Before implementing unitization, you first need to plan the architecture, design the number of units, and add unitized products, including unitized gateways at the access layer, microservice platforms at the application layer, message queues, and databases at the data layer. During implementation, unitized rules need to be configured and pushed to individual components. If unit grayscale is required, it also supports configuring grayscale units and grayscale rules.

In addition to basic capabilities, disaster recovery and observability under unitization are also the focus of unitization construction. In disaster recovery scenarios, TSF provides multiple disaster recovery capabilities such as disaster recovery unit configuration, one-click disaster recovery switching, and disaster recovery simulation drills. In terms of operation and maintenance, it supports unified unit monitoring and alarming, and monitors and tracks cross-unit or cross-computer room requests.

Below, let’s look at some core design points.

● Unitized routing

The client request carries the label and is routed to the unitized gateway, and the gateway calculates the target unit based on the label. TSF will identify whether the call is within a unit or across units, and then forward the request to the corresponding unit. The calling order for the same service is: first call within the unit, then call the center, and finally call the center in the same city.

●Unit grayscale

The above is the main process of unitized routing. Next, let’s look at the implementation of unit grayscale. In the standard microservice architecture, grayscale release mainly relies on framework capabilities. Through version isolation between applications, traffic can be sent to designated application version clusters according to version tags. Through traffic proportion control, a part of the requests in the production traffic can be processed by the grayscale application cluster.

In a unitized scenario, you can first set 1-2 grayscale units, and then clarify the grayscale dimensions. For example, common ones include specifying customer number or customer label grayscale, etc. Before the gateway performs unit routing calculation, the grayscale table is queried first. If the requested feature matches the grayscale rule, it is routed directly according to the unit defined in the table and forwarded to the corresponding grayscale unit to complete the unit grayscale.

● Unitized disaster recovery

Next, let’s look at unitized disaster recovery.

In a remote multi-active scenario, when a unit fails, the traffic of the unit needs to be switched to other units as soon as possible to ensure service continuity. You can configure the mutual backup unit table during architecture planning to establish the mutual backup relationship between units. When one of the units fails, routing is adjusted by updating the status and directing traffic to the backup unit. When a switchover occurs, the database will adjust the copy under the standby unit to the primary copy to provide services.

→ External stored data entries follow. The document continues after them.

lemma norm_poly_g_reflect: "norm (poly g (- cnj z)) = norm (poly g z)"
proof -
  have "norm (lead_coeff R_plus) * norm (poly g (- cnj z)) ^ 2 =
        norm (lead_coeff R_plus) * norm (poly g z) ^ 2"
    using norm_poly_R_plus_reflect[of z] by (simp only: poly_R_plus norm_mult norm_power)
  with R_plus_nonzero show ?thesis
    by (simp add: power2_eq_iff_nonneg)
qed

definition T :: "complex poly" where "T = R_plus - Q"
definition k :: "complex poly" where "k = T div g"

lemma T_eq_g_times_k: "T = g * k"
proof -
  have "g dvd T"
    unfolding T_def g_def by (intro dvd_diff gcd_dvd1 gcd_dvd2)
  then show ?thesis
    unfolding k_def by (rule dvd_mult_div_cancel[symmetric])
qed

lemma degree_k_pos:
  assumes "degree Q > 0"
  shows "degree k > 0"
proof -
  define n where "n = degree Q"
  have "coeff T n = complex_of_real (coeff p n - coeff q n) + \<i> * complex_of_real ((-1) ^ n * coeff p n)"
    by (simp add: T_def R_plus_def coeff_mirror coeff_map_poly algebra_simps)
  moreover have "coeff q n \<noteq> 0"
    using zero_sym by (simp add: n_def degree_Q coeff_map_poly zero_sym_def)
  ultimately have "coeff T n \<noteq> 0"
    by (auto simp: complex_eq_iff)
  then have "n \<le> degree T" and "T \<noteq> 0"
    by (auto intro: le_degree)
  have "degree R_plus \<le> degree T"
  proof (cases "degree R_plus \<le> n")
    case False
    then have "degree (R_plus + - Q) = degree R_plus"
      by (intro degree_add_eq_left) (simp add: n_def)
    then show ?thesis
      by (simp add: T_def)
  qed (use \<open>n \<le> degree T\<close> in simp)
  moreover have "degree R_plus = 2 * degree g"
    using R_plus_nonzero g_nonzero
    by (subst R_plus_eq_smult_g_square) (simp add: degree_power_eq)
  moreover have "degree T = degree g + degree k"
    using \<open>T \<noteq> 0\<close> g_nonzero unfolding T_eq_g_times_k by (intro degree_mult_eq) auto
  ultimately show ?thesis
    using \<open>n \<le> degree T\<close> assms unfolding n_def by linarith
qed
lemma word_concat_left: "word_concat w v (squash q - 1) = w q"
proof -
  have "-2 < squash q - 1 \<and> squash q - 1 < 0"
    using abs_squash_less[of q] by (simp add: abs_less_iff)
  then show ?thesis by (simp add: word_concat_def squash_inv_squash)
qed

lemma word_concat_right: "word_concat w v (squash q + 1) = v q"
proof -
  have "\<not> (-2 < squash q + 1 \<and> squash q + 1 < 0)" "0 < squash q + 1 \<and> squash q + 1 < 2"
    using abs_squash_less[of q] by (simp_all add: abs_less_iff)
  then show ?thesis by (simp add: word_concat_def squash_inv_squash)
qed

lemma word_concat_SomeE:
  assumes "word_concat w v p = Some x"
  obtains q where "p = squash q - 1" "w q = Some x" | q where "p = squash q + 1" "v q = Some x"
proof (cases "-2 < p \<and> p < 0")
  case True
  then have "p = squash (squash_inv (p + 1)) - 1" by (simp add: squash_squash_inv abs_less_iff)
  with True assms show ?thesis by (intro that(1)) (auto simp: word_concat_def)
next
  case False
  with assms have p: "0 < p \<and> p < 2" by (auto simp: word_concat_def split: if_splits)
  then have "p = squash (squash_inv (p - 1)) + 1" by (simp add: squash_squash_inv abs_less_iff)
  with False p assms show ?thesis by (intro that(2)) (auto simp: word_concat_def)
qed

lemma is_word_empty: "is_word G (\<lambda>_. None)"
  by (simp add: is_word_def)

lemma is_word_concat:
  assumes w: "is_word G w" and v: "is_word G v"
  shows "is_word G (word_concat w v)"
  unfolding is_word_def
proof (rule conjI; intro allI impI)
  fix q n g assume "word_concat w v q = Some (n, g)"
  then show "g \<in> carrier (G n) \<and> g \<noteq> \<one>\<^bsub>G n\<^esub>"
    by (rule word_concat_SomeE) (use w v in \<open>auto simp: is_word_def\<close>)
next
  fix n
  have "{q. \<exists>g. word_concat w v q = Some (n, g)} \<subseteq>
    (\<lambda>q. squash q - 1) ` {q. \<exists>g. w q = Some (n, g)} \<union>
    (\<lambda>q. squash q + 1) ` {q. \<exists>g. v q = Some (n, g)}"
    by (auto elim!: word_concat_SomeE)
  then show "finite {q. \<exists>g. word_concat w v q = Some (n, g)}"
    by (rule finite_subset) (use w v in \<open>auto simp: is_word_def\<close>)
qed

section \<open>Restrictions of words\<close>

lemma sorted_list_of_set_eqI:
  "finite A \<Longrightarrow> sorted_wrt (<) xs \<Longrightarrow> set xs = A \<Longrightarrow> sorted_list_of_set A = xs"
  by (metis strict_sorted_equal strict_sorted_list_of_set set_sorted_list_of_set)

lemma sorted_list_of_set_image_strict_mono_on:
  assumes "finite A" "strict_mono_on A f"
  shows "sorted_list_of_set (f ` A) = map f (sorted_list_of_set A)"
proof (rule sorted_list_of_set_eqI)
  have "sorted_wrt (<) (sorted_list_of_set A)" by (rule strict_sorted_list_of_set)
  then show "sorted_wrt (<) (map f (sorted_list_of_set A))"
    unfolding sorted_wrt_map
    by (rule sorted_wrt_mono_rel[rotated]) (use assms in \<open>auto dest: strict_mono_onD\<close>)
qed (use assms in simp_all)

lemma sorted_list_of_set_Un_less:
  assumes "finite A" "finite B" "\<And>a b. a \<in> A \<Longrightarrow> b \<in> B \<Longrightarrow> a < b"
  shows "sorted_list_of_set (A \<union> B) = sorted_list_of_set A @ sorted_list_of_set B"
  by (rule sorted_list_of_set_eqI) (use assms in \<open>auto simp: sorted_wrt_append\<close>)

lemma sorted_list_of_set_uminus:
  fixes A :: "'b::linordered_ab_group_add set"
  assumes "finite A"
  shows "sorted_list_of_set (uminus ` A) = rev (map uminus (sorted_list_of_set A))"
proof (rule sorted_list_of_set_eqI)
  have "sorted_wrt (<) (sorted_list_of_set A)" by (rule strict_sorted_list_of_set)
  then show "sorted_wrt (<) (rev (map uminus (sorted_list_of_set A)))"
    unfolding sorted_wrt_rev sorted_wrt_map by (rule sorted_wrt_mono_rel[rotated]) auto
qed (use assms in simp_all)

definition restr_support :: "'a word \<Rightarrow> nat \<Rightarrow> rat set" where
  "restr_support w m = {q. \<exists>n g. w q = Some (n, g) \<and> n < m}"

lemma restr_eq: "restr w m = map (\<lambda>q. the (w q)) (sorted_list_of_set (restr_support w m))"
  by (simp add: restr_def restr_support_def)

lemma finite_restr_support: "is_word G w \<Longrightarrow> finite (restr_support w m)"
proof -
  assume "is_word G w"
  then have "finite (\<Union>n<m. {q. \<exists>g. w q = Some (n, g)})" by (auto simp: is_word_def)
  moreover have "restr_support w m \<subseteq> (\<Union>n<m. {q. \<exists>g. w q = Some (n, g)})"
    by (auto simp: restr_support_def)
  ultimately show ?thesis by (rule finite_subset[rotated])
qed

lemma restr_cong:
  assumes "\<And>p n g. n < m \<Longrightarrow> w p = Some (n, g) \<longleftrightarrow> v p = Some (n, g)"
  shows "restr w m = restr v m"
proof -
  have "restr_support w m = restr_support v m"
    unfolding restr_support_def using assms by blast
  moreover have "w p = v p" if "p \<in> restr_support w m" for p
    using that assms by (auto simp: restr_support_def)
  ultimately show ?thesis
    unfolding restr_eq by (cases "finite (restr_support w m)") (auto intro!: map_cong)
qed

lemma restr_empty: "restr (\<lambda>_. None) m = []"
  by (simp add: restr_def)

lemma restr_support_word_concat:
  "restr_support (word_concat w v) m =
     (\<lambda>q. squash q - 1) ` restr_support w m \<union> (\<lambda>q. squash q + 1) ` restr_support v m"
  by (auto simp: restr_support_def word_concat_left word_concat_right elim!: word_concat_SomeE)
(* Let $n\ge 1$, $b_i>0$, $\alpha_i>0$ for $i=1,\dots,n$, and $g(t)=b_1e^{-\alpha_1 t}-\sum_{i=2}^n b_ie^{-\alpha_i t}$. Suppose that $$2(\alpha_1-\alpha_j)^2\ge\max_{1\le i\le n}(\alpha_i-\alpha_j)^2\quad\text{for all } j\ge 2.$$ Then $g\,\mathds{1}_{[0,\infty)}$ is nonnegative if and only if $g\,\mathds{1}_{[0,\infty)}$ is log-concave.
   Context: A function $f:\mathbb{R}\to\mathbb{R}_{\ge0}$ is log-concave if $f(\lambda x+(1-\lambda)y)\ge f(x)^\lambda f(y)^{1-\lambda}$ for all $x,y\in\mathbb{R}$ and $\lambda\in[0,1]$ (equivalently $\log f$ is concave as a function into $\mathbb{R}\cup\{-\infty\}$). *)

theory Defs
  imports Complex_Main
begin

text \<open>Note Isabelle's convention 0 powr a = 0 (also for a = 0); this only affects the
  trivial endpoint cases lambda = 0, 1, where the inequality holds anyway.\<close>
definition log_concave :: "(real \<Rightarrow> real) \<Rightarrow> bool" where
  "log_concave f \<longleftrightarrow> (\<forall>x. 0 \<le> f x) \<and>
     (\<forall>x y l. 0 \<le> l \<and> l \<le> 1 \<longrightarrow>
        f (l * x + (1 - l) * y) \<ge> f x powr l * f y powr (1 - l))"

end

theory Submission
  imports Defs "HOL-Analysis.Analysis"
begin

(* Write g t = exp (- \<alpha> 1 * t) * h t with h t = b 1 - (\<Sum>i=2..n. b i * exp ((\<alpha> 1 - \<alpha> i) * t)).
   As b i > 0, h is a constant minus a sum of convex functions, hence concave. A concave
   function that is nonnegative on a convex set S is log-concave once extended by 0 outside S
   (weighted AM-GM), and products of log-concave functions are log-concave. *)

lemma log_concave_mult:
  assumes "log_concave f" "log_concave g"
  shows "log_concave (\<lambda>t. f t * g t)"
  unfolding log_concave_def
proof (intro conjI allI impI)
  fix x show "0 \<le> f x * g x"
    using assms by (simp add: log_concave_def)
next
  fix x y l :: real
  assume l: "0 \<le> l \<and> l \<le> 1"
  have "(f x * g x) powr l * (f y * g y) powr (1 - l)
      = (f x powr l * f y powr (1 - l)) * (g x powr l * g y powr (1 - l))"
    using assms by (simp add: log_concave_def powr_mult)
  also have "\<dots> \<le> f (l * x + (1 - l) * y) * g (l * x + (1 - l) * y)"
    using assms l by (intro mult_mono) (auto simp: log_concave_def)
  finally show "(f x * g x) powr l * (f y * g y) powr (1 - l)
      \<le> f (l * x + (1 - l) * y) * g (l * x + (1 - l) * y)" .
qed

lemma log_concave_exp_linear: "log_concave (\<lambda>t. exp (c * t))"
  unfolding log_concave_def
  by (simp add: powr_def algebra_simps flip: exp_add)

lemma convex_on_exp_linear: "convex_on UNIV (\<lambda>t. exp (c * t))"
proof (rule convex_onI)
  fix t x y :: real
  assume "0 < t" "t < 1"
  then show "exp (c * ((1 - t) *\<^sub>R x + t *\<^sub>R y)) \<le> (1 - t) * exp (c * x) + t * exp (c * y)"
    using convex_onD[OF exp_convex, of t "c * x" "c * y"] by (simp add: algebra_simps)
qed simp

lemma convex_on_sum_fun:
  assumes "finite I" "convex S" "\<And>i. i \<in> I \<Longrightarrow> convex_on S (f i)"
  shows "convex_on S (\<lambda>x. \<Sum>i\<in>I. f i x)"
  using assms by (induction I rule: finite_induct) (auto simp: convex_on_const)

lemma powr_weighted_le_weighted_sum:
  fixes a b l :: real
  assumes "0 \<le> a" "0 \<le> b" "0 \<le> l" "l \<le> 1"
  shows "a powr l * b powr (1 - l) \<le> l * a + (1 - l) * b"
proof (cases "a = 0 \<or> b = 0")
  case False
  then show ?thesis
    using assms Youngs_inequality_0[of l "1 - l" a b] by simp
qed (use assms in auto)

lemma log_concave_restrict_concave:
  fixes h :: "real \<Rightarrow> real"
  assumes concave: "concave_on S h" and nonneg: "\<And>t. t \<in> S \<Longrightarrow> 0 \<le> h t"
  shows "log_concave (\<lambda>t. if t \<in> S then h t else 0)"
  unfolding log_concave_def
proof (intro conjI allI impI)
  fix x show "0 \<le> (if x \<in> S then h x else 0)"
    using nonneg by simp
next
  fix x y l :: real
  assume l: "0 \<le> l \<and> l \<le> 1"
  define z where "z = l * x + (1 - l) * y"
  show "(if x \<in> S then h x else 0) powr l * (if y \<in> S then h y else 0) powr (1 - l)
      \<le> (if l * x + (1 - l) * y \<in> S then h (l * x + (1 - l) * y) else 0)"
  proof (cases "x \<in> S \<and> y \<in> S")
    case True
    have "z \<in> S"
      using convexD[OF concave_on_imp_convex[OF concave], of x y l "1 - l"] True l
      by (simp add: z_def)
    have "h x powr l * h y powr (1 - l) \<le> l * h x + (1 - l) * h y"
      using True l nonneg by (intro powr_weighted_le_weighted_sum) auto
    also have "\<dots> \<le> h z"
      using concave_onD[OF concave, of "1 - l" x y] True l by (simp add: z_def)
    finally show ?thesis
      using True \<open>z \<in> S\<close> by (simp add: z_def)
  qed (use nonneg in auto)
qed

theorem lemma7:
  fixes n :: nat and b \<alpha> :: "nat \<Rightarrow> real" and g :: "real \<Rightarrow> real"
  assumes "n \<ge> 1"
    and "\<And>i. i \<in> {1..n} \<Longrightarrow> b i > 0"
    and "\<And>i. i \<in> {1..n} \<Longrightarrow> \<alpha> i > 0"
    and "\<And>t. g t = b 1 * exp (- \<alpha> 1 * t) - (\<Sum>i=2..n. b i * exp (- \<alpha> i * t))"
    and "\<And>j. j \<in> {2..n} \<Longrightarrow>
           2 * (\<alpha> 1 - \<alpha> j)^2 \<ge> Max ((\<lambda>i. (\<alpha> i - \<alpha> j)^2) ` {1..n})"
  shows "(\<forall>t. (if t \<ge> 0 then g t else 0) \<ge> 0) \<longleftrightarrow>
         log_concave (\<lambda>t. if t \<ge> 0 then g t else 0)"
proof
  assume "log_concave (\<lambda>t. if t \<ge> 0 then g t else 0)"
  then show "\<forall>t. (if t \<ge> 0 then g t else 0) \<ge> 0"
    by (simp add: log_concave_def)
next
  assume g_nonneg: "\<forall>t. (if t \<ge> 0 then g t else 0) \<ge> 0"
  define h where "h t = b 1 - (\<Sum>i=2..n. b i * exp ((\<alpha> 1 - \<alpha> i) * t))" for t
  have factor: "g t = exp (- \<alpha> 1 * t) * h t" for t
    unfolding assms(4) h_def
    by (simp add: right_diff_distrib sum_distrib_left algebra_simps flip: exp_add)
  have "convex_on UNIV (\<lambda>t. \<Sum>i=2..n. b i * exp ((\<alpha> 1 - \<alpha> i) * t))"
    using assms(2) by (intro convex_on_sum_fun convex_on_cmul convex_on_exp_linear) (auto intro: less_imp_le)
  then have "concave_on {0..} h"
    unfolding h_def
    by (intro concave_on_diff) (auto simp: concave_on_const intro: convex_on_subset)
  moreover have "0 \<le> h t" if "t \<in> {0..}" for t
    using g_nonneg[rule_format, of t] that by (simp add: factor zero_le_mult_iff)
  ultimately have "log_concave (\<lambda>t. exp (- \<alpha> 1 * t) * (if t \<in> {0..} then h t else 0))"
    by (intro log_concave_mult log_concave_exp_linear log_concave_restrict_concave)
  also have "(\<lambda>t. exp (- \<alpha> 1 * t) * (if t \<in> {0..} then h t else 0))
      = (\<lambda>t. if t \<ge> 0 then g t else 0)"
    by (auto simp: factor)
  finally show "log_concave (\<lambda>t. if t \<ge> 0 then g t else 0)" .
qed

end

For example, as shown in this picture, when unit 1 fails, the traffic of unit 1 is deactivated, and the mutual backup unit information corresponding to unit 1 is obtained (unit 5). It waits for the master/standby switchover of the database to be completed, updates the global route, and forwards the traffic. Go to Unit 5. At this time, in addition to carrying its own business traffic, unit 5 also carries the business traffic of unit 1. When unit 1 recovers from the fault, the gateway layer routing is adjusted to unit 1 through switchback. In this way, unit switching and switchback during disaster recovery are completed.

Summarize

This article starts with unitization. It first introduces the concept and value of unitization, as well as Tencent's overall solution for unitization. Then it focused on the field of microservices, introduced Tencent's microservice platform TSF and TSF's product capabilities to support unitization, and focused on the three core scenarios of unit routing, unit grayscale and disaster recovery switching.

Riding on the horse to gallop, come to me, Daofu, to lead the way. The upgrade of the remote multi-active unit capability of Tencent Cloud microservice platform TSF is only a small step in product development. The microservices team hopes to polish the product better in the future to meet more customer needs.